Won’t all these nutrients cause algae?
It’s important to be aware that there are a variety of factors that can bring the onset of algal blooms which are not related to the dosing scheme. The following are typical causal factors:
1. Poor CO2 injection methods
2. Poor flow distribution within the tank
3. Poor tank maintenance, i.e. not cleaning filters or detritus build-up in tank
5. Excessive disturbance of the substrate
These factors all have one thing in common - they all result in ammonia being jettisoned into the water column. In items 1. and 2. ammonia is jettisoned by the plants themselves as their cellular structure degrades due to starvation, thereby releasing not only ammonia but nutrients and organic matter. This is why various types algae will be seen attacking the plant. The same degradation occurs when insufficient nutrients are dosed.

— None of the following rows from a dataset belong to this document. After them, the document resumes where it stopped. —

lemma exists_limit_above:
  assumes "Cinfinite r" "regularCard r" "natLeq <o r" "\<alpha> \<in> Field r"
  shows "\<exists>\<mu>. is_limit r \<mu> \<and> olt r \<alpha> \<mu>"
proof -
  interpret wo_rel r using assms(1) by (simp add: Card_order_wo_rel)
  have "\<forall>\<gamma>\<in>Field r. \<exists>\<delta>. \<delta> \<in> Field r \<and> olt r \<gamma> \<delta>"
    using Cinfinite_limit[OF _ assms(1)] unfolding olt_def by blast
  then obtain s where s: "\<And>\<gamma>. \<gamma> \<in> Field r \<Longrightarrow> s \<gamma> \<in> Field r \<and> olt r \<gamma> (s \<gamma>)"
    by metis
  define f where "f n = (s ^^ n) \<alpha>" for n
  have f_Field: "f n \<in> Field r" for n
    by (induction n) (simp_all add: f_def assms(4) s)
  have f_inc: "olt r (f n) (f (Suc n))" for n
    using s[OF f_Field[of n]] by (simp add: f_def)
  obtain b where "b \<in> Field r" "\<forall>n. (f n, b) \<in> r"
    using regularCard_bounds_nat_sequence[OF _ assms(2,3), of f] assms(1) f_Field by auto
  then have "b \<in> {x \<in> Field r. \<forall>n. olt r (f n) x}"
    using olt_le_trans[OF f_inc] by blast
  then have "is_limit r (minim {x \<in> Field r. \<forall>n. olt r (f n) x})"
    and "olt r (f 0) (minim {x \<in> Field r. \<forall>n. olt r (f n) x})"
    using is_limit_minim_strict_upper_bounds[of f, OF f_inc] minim_in[of "{x \<in> Field r. \<forall>n. olt r (f n) x}"]
    by blast+
  then show ?thesis by (auto simp: f_def)
qed

locale square_ind_sequence =
  fixes r :: "'a rel" and k :: "'b rel" and C :: "'a \<Rightarrow> 'b \<Rightarrow> 'a set" and ii :: "'a \<Rightarrow> 'b"
  assumes Cinfinite_r: "Cinfinite r" and regular_r: "regularCard r"
    and Cinfinite_k: "Cinfinite k" and k_less_r: "k <o r"
    and seq: "square_ind_seq r k C ii"
begin

sublocale r: wo_rel r
  using Cinfinite_r by (simp add: Card_order_wo_rel)

sublocale k: wo_rel k
  using Cinfinite_k by (simp add: Card_order_wo_rel)

lemma club_in_C: "is_limit r \<alpha> \<Longrightarrow> (ii \<alpha>, j) \<in> k \<Longrightarrow> club_in r (C \<alpha> j) \<alpha>"
  using seq unfolding square_ind_seq_def by simp
lemma convex_on_simplex_bounded:
  assumes g: "convex_on \<Delta> g"
  obtains B where "\<And>p. p \<in> \<Delta> \<Longrightarrow> \<bar>g p\<bar> \<le> B"
proof -
  define b where "b = (\<Sum>i\<in>{0..n}. \<bar>g (x i)\<bar>)"
  have upper: "g p \<le> b" if "p \<in> \<Delta>" for p
  proof -
    have "\<forall>y\<in>x ` {0..n}. g y \<le> b"
      unfolding b_def using member_le_sum[of _ "{0..n}" "\<lambda>i. \<bar>g (x i)\<bar>"] by fastforce
    then show ?thesis
      using convex_on_convex_hull_bound[of "x ` {0..n}" g b] g that unfolding \<Delta>_def by blast
  qed
  define c where "c = (\<Sum>i\<in>{0..n}. (1 / (n + 1)) *\<^sub>R x i)"
  have "c \<in> \<Delta>"
    unfolding c_def mem_simplex_iff by (intro exI[of _ "\<lambda>_. 1 / (n + 1)"]) auto
  have lower: "(n + 1) * g c - n * b \<le> g p" if p: "p \<in> \<Delta>" for p
  proof -
    obtain q where q: "q \<in> \<Delta>" "c = (1 / (n + 1)) *\<^sub>R p + (n / (n + 1)) *\<^sub>R q"
      using centroid_split[OF p] unfolding c_def by blast
    have "g c \<le> (1 / (n + 1)) * g p + (n / (n + 1)) * g q"
      using convex_onD[OF g, of "n / (n + 1)" p q] p q by (simp add: field_simps)
    also have "\<dots> \<le> (1 / (n + 1)) * g p + (n / (n + 1)) * b"
      using upper[OF q(1)] by (intro add_left_mono mult_left_mono) auto
    finally have "real (n + 1) * g c \<le> real (n + 1) * ((1 / (n + 1)) * g p + (n / (n + 1)) * b)"
      by (intro mult_left_mono) auto
    then show ?thesis by (simp add: distrib_left)
  qed
  show ?thesis
    using upper lower by (intro that[of "\<bar>(n + 1) * g c - n * b\<bar> + \<bar>b\<bar>"]) fastforce
qed

lemma convex_on_simplex_integrable:
  assumes g: "convex_on \<Delta> g"
  shows "set_integrable lebesgue \<Delta> g"
proof -
  obtain B where B: "\<And>p. p \<in> \<Delta> \<Longrightarrow> \<bar>g p\<bar> \<le> B"
    using convex_on_simplex_bounded[OF g] by blast
  have "continuous_on (interior \<Delta>) g"
    using B interior_subset[of \<Delta>] convex_interior[OF convex_simplex]
    by (intro convex_on_bounded_continuous[where b=B] convex_on_subset[OF g]) auto
  moreover have "negligible (\<Delta> - interior \<Delta>)"
    using negligible_convex_frontier[OF convex_simplex] compact_imp_closed[OF compact_simplex]
    by (simp add: frontier_def closure_closed)
  ultimately show ?thesis
    using B lmeasurable_simplex by (intro set_integrable_bounded_continuous_on_interior)
qed

definition min_coord :: "nat set \<Rightarrow> 'a \<Rightarrow> real" where
  "min_coord K p = Min (bary_coord p ` K)"

lemma min_coord_ge_iff: "finite K \<Longrightarrow> K \<noteq> {} \<Longrightarrow> t \<le> min_coord K p \<longleftrightarrow> (\<forall>i\<in>K. t \<le> bary_coord p i)"
  unfolding min_coord_def by simp

lemma min_coord_le: "finite K \<Longrightarrow> i \<in> K \<Longrightarrow> min_coord K p \<le> bary_coord p i"
  unfolding min_coord_def by simp

lemma min_coord_singleton: "min_coord {i} p = bary_coord p i"
  unfolding min_coord_def by simp

lemma min_coord_nonneg:
  assumes "p \<in> \<Delta>" "K \<subseteq> {0..n}" "K \<noteq> {}"
  shows "0 \<le> min_coord K p"
  using assms bary_coord_nonneg finite_subset[OF assms(2)] by (subst min_coord_ge_iff) auto

lemma card_mult_min_coord_le_1:
  assumes p: "p \<in> \<Delta>" and K: "K \<subseteq> {0..n}"
  shows "card K * min_coord K p \<le> 1"
proof -
  have "finite K" using K finite_subset by blast
  then have "card K * min_coord K p = (\<Sum>i\<in>K. min_coord K p)" by simp
  also have "\<dots> \<le> (\<Sum>i\<in>K. bary_coord p i)"
    using \<open>finite K\<close> by (intro sum_mono min_coord_le)
  also have "\<dots> \<le> (\<Sum>i\<in>{0..n}. bary_coord p i)"
    using K bary_coord_nonneg[OF p] by (intro sum_mono2) auto
  finally show ?thesis using bary_coord_sum[OF p] by simp
qed

lemma concave_min_coord:
  assumes "K \<subseteq> {0..n}" "K \<noteq> {}"
  shows "convex_on \<Delta> (\<lambda>p. - min_coord K p)"
  unfolding convex_on_def
proof (intro conjI convex_simplex ballI allI impI)
  fix p q u v assume pq: "p \<in> \<Delta>" "q \<in> \<Delta>" and uv: "0 \<le> (u::real)" "0 \<le> (v::real)" "u + v = 1"
  have "finite K" using assms(1) finite_subset by blast
  have "u * min_coord K p + v * min_coord K q \<le> min_coord K (u *\<^sub>R p + v *\<^sub>R q)"
  proof (subst min_coord_ge_iff[OF \<open>finite K\<close> assms(2)], intro ballI)
    fix i assume "i \<in> K"
    then have "u * min_coord K p + v * min_coord K q \<le> u * bary_coord p i + v * bary_coord q i"
      using min_coord_le[OF \<open>finite K\<close>] uv by (intro add_mono mult_left_mono) auto
    also have "\<dots> = bary_coord (u *\<^sub>R p + v *\<^sub>R q) i"
      using bary_coord_convex_combination[OF pq uv] \<open>i \<in> K\<close> assms(1) by auto
    finally show "u * min_coord K p + v * min_coord K q \<le> bary_coord (u *\<^sub>R p + v *\<^sub>R q) i" .
  qed
  then show "- min_coord K (u *\<^sub>R p + v *\<^sub>R q) \<le> u * - min_coord K p + v * - min_coord K q"
    by simp
qed

lemma min_coord_integrable:
  assumes "K \<subseteq> {0..n}" "K \<noteq> {}"
  shows "set_integrable lebesgue \<Delta> (min_coord K)"
  using set_integrable_mult_right[of "-1", OF convex_on_simplex_integrable[OF concave_min_coord[OF assms]]]
  by simp

lemma vertex_weights_on_subset:
  fixes t :: real
  assumes "K \<subseteq> {0..n}"
  shows "(\<Sum>i\<in>{0..n}. if i \<in> K then t else 0) = card K * t"
    and "(\<Sum>i\<in>{0..n}. (if i \<in> K then t else 0) *\<^sub>R x i) = t *\<^sub>R (\<Sum>i\<in>K. x i)"
proof -
  show "(\<Sum>i\<in>{0..n}. if i \<in> K then t else 0) = card K * t"
    using sum.inter_restrict[of "{0..n}" "\<lambda>_. t" K] assms by (simp add: Int_absorb1)
  have "(\<Sum>i\<in>{0..n}. (if i \<in> K then t else 0) *\<^sub>R x i) = (\<Sum>i\<in>{0..n}. if i \<in> K then t *\<^sub>R x i else 0)"
    by (rule sum.cong) auto
  then show "(\<Sum>i\<in>{0..n}. (if i \<in> K then t else 0) *\<^sub>R x i) = t *\<^sub>R (\<Sum>i\<in>K. x i)"
    using sum.inter_restrict[of "{0..n}" "\<lambda>i. t *\<^sub>R x i" K] assms
    by (simp add: Int_absorb1 scaleR_sum_right)
qed

lemma bary_coord_homothety:
  fixes t :: real
  assumes p: "p \<in> \<Delta>" and K: "K \<subseteq> {0..n}" and t: "0 \<le> t" "card K * t \<le> 1"
  defines "q \<equiv> (1 - card K * t) *\<^sub>R p + t *\<^sub>R (\<Sum>i\<in>K. x i)"
  shows "q \<in> \<Delta>"
    and "\<And>i. i \<in> {0..n} \<Longrightarrow> bary_coord q i = (1 - card K * t) * bary_coord p i + (if i \<in> K then t else 0)"
proof -
  define v where "v i = (1 - card K * t) * bary_coord p i + (if i \<in> K then t else 0)" for i
  have v_nonneg: "\<And>i. i \<in> {0..n} \<Longrightarrow> 0 \<le> v i"
    using bary_coord_nonneg[OF p] t unfolding v_def by auto
  have v_sum: "sum v {0..n} = 1"
    using bary_coord_sum[OF p] vertex_weights_on_subset(1)[OF K]
    by (simp add: v_def sum.distrib flip: sum_distrib_left)
  have "(1 - card K * t) *\<^sub>R p = (1 - card K * t) *\<^sub>R (\<Sum>i\<in>{0..n}. bary_coord p i *\<^sub>R x i)"
    by (simp add: bary_coord_combination[OF p])
  then have v_comb: "(\<Sum>i\<in>{0..n}. v i *\<^sub>R x i) = q"
    by (simp add: q_def v_def scaleR_add_left sum.distrib scaleR_sum_right vertex_weights_on_subset(2)[OF K])
  show "q \<in> \<Delta>" using v_nonneg v_sum v_comb mem_simplex_iff by blast
  show "bary_coord q i = (1 - card K * t) * bary_coord p i + (if i \<in> K then t else 0)" if "i \<in> {0..n}" for i
    using bary_coord_eqI[OF v_nonneg v_sum v_comb that] by (simp add: v_def)
qed

lemma level_set_in_homothety:
  fixes t :: real
  assumes q: "q \<in> \<Delta>" and K: "K \<subseteq> {0..n}" and qt: "\<And>i. i \<in> K \<Longrightarrow> t \<le> bary_coord q i"
    and t: "card K * t < 1"
  obtains p where "p \<in> \<Delta>" "q = (1 - card K * t) *\<^sub>R p + t *\<^sub>R (\<Sum>i\<in>K. x i)"
proof
  define c where "c = 1 - card K * t"
  define u where "u i = (bary_coord q i - (if i \<in> K then t else 0)) / c" for i
  define p where "p = (\<Sum>i\<in>{0..n}. u i *\<^sub>R x i)"
  have "c > 0" using t unfolding c_def by simp
  have "\<forall>i\<in>{0..n}. 0 \<le> u i"
    using bary_coord_nonneg[OF q] qt \<open>c > 0\<close> unfolding u_def by auto
  moreover have "sum u {0..n} = 1"
    using bary_coord_sum[OF q] vertex_weights_on_subset(1)[OF K] \<open>c > 0\<close> unfolding u_def c_def
    by (simp add: sum_subtractf flip: sum_divide_distrib)
  ultimately show "p \<in> \<Delta>" unfolding p_def mem_simplex_iff by blast
  have "c *\<^sub>R p = (\<Sum>i\<in>{0..n}. bary_coord q i *\<^sub>R x i) - (\<Sum>i\<in>{0..n}. (if i \<in> K then t else 0) *\<^sub>R x i)"
    using \<open>c > 0\<close> by (simp add: p_def u_def scaleR_sum_right scaleR_diff_left sum_subtractf)
  then show "q = (1 - card K * t) *\<^sub>R p + t *\<^sub>R (\<Sum>i\<in>K. x i)"
    by (simp add: c_def bary_coord_combination[OF q] vertex_weights_on_subset(2)[OF K])
qed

In items 3. and 4. Ammonia is produced by the decay of these organic products. In item 5. Ammonia is jettisoned due to the simple fact that within the soil or substrate there are billions of bacteria which convert various forms of nitrogen into ammonia, while other types of bacteria convert the ammonia into nitrite, while yet others convert the nitrite into nitrate. The substrate is a world unto it’s own which contributes to the ecology of the tank. Disturbance of the substrate, such as replanting releases all of these products into the water column. Ammonia in the presence of light causes algal blooms. An immediate water change should always accompany any significant substrate disturbance. In all these cases the concentration level of ammonia that can cause the algal bloom is much lower than can be measured with an ammonia test kit.
If we are to be successful with EI (or any dosing scheme for that matter) we must let go of the age old false principles which tell us that algae is caused by nutrients. On the contrary, it can be seen that algae outbreaks are a result of not having enough nutrients in the water column in conjunction with the causal factors list above.
No discussion of EI can be complete without a mention of CO2. CO2 injection and it’s measurement is covered in a companion article CO2 Measurement using a Drop Checker
On the left, Ludwigia var Cuba is exotic but unforgiving. It will melt into oblivion if dosing and/or CO2 are sub-par. On the right, Ludwigia glanduosa wears a sign around it’s neck which reads “No Bozos”. Both species benefit greatly from EI dosing + CO2 injection.
Full Metal Jacket. A high light tank maintained with strict adherence to the principles discussed above, injected with high, stable levels of CO2 and dosed according to the EI regimen creates a plant friendly environment impervious to algal attacks and will reward the hobbyist with stunning colors and outworldly levels of growth.